— Problem to solve —
What you return must be every line below that includes the word "proof".

Saved data entries:

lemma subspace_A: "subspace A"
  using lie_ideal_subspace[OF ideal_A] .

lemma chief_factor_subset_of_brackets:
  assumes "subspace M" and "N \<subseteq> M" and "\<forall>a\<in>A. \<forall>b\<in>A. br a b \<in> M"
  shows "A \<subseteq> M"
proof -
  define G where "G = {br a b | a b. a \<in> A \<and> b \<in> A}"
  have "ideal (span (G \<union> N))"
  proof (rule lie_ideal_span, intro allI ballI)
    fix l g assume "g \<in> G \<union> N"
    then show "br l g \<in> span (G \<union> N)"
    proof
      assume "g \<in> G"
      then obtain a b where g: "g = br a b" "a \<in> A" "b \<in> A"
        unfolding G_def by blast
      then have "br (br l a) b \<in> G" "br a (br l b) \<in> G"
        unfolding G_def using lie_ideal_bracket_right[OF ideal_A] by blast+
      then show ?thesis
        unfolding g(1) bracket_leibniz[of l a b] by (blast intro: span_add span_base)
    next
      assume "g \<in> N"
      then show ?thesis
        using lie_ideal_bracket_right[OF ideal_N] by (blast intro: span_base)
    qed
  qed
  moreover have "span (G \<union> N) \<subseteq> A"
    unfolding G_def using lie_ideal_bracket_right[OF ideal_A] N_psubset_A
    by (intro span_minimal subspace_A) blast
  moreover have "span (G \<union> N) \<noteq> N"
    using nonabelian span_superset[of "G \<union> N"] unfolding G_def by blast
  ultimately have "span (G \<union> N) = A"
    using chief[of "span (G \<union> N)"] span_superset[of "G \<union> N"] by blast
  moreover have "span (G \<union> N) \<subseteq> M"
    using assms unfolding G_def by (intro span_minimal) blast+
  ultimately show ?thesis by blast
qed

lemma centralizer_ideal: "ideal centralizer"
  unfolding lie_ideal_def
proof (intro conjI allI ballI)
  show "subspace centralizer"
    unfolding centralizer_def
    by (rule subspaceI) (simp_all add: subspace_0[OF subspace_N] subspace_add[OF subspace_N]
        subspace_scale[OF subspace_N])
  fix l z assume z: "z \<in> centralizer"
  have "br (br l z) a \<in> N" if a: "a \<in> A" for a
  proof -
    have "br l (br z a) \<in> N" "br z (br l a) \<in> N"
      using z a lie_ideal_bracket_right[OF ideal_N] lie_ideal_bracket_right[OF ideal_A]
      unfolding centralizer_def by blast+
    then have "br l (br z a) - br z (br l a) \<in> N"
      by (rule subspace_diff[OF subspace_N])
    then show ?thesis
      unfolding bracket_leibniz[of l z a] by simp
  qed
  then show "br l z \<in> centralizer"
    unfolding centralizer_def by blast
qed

— Result of this exercise —
proof -
  proof (rule lie_ideal_span, intro allI ballI)
    proof
proof (intro conjI allI ballI)
  proof -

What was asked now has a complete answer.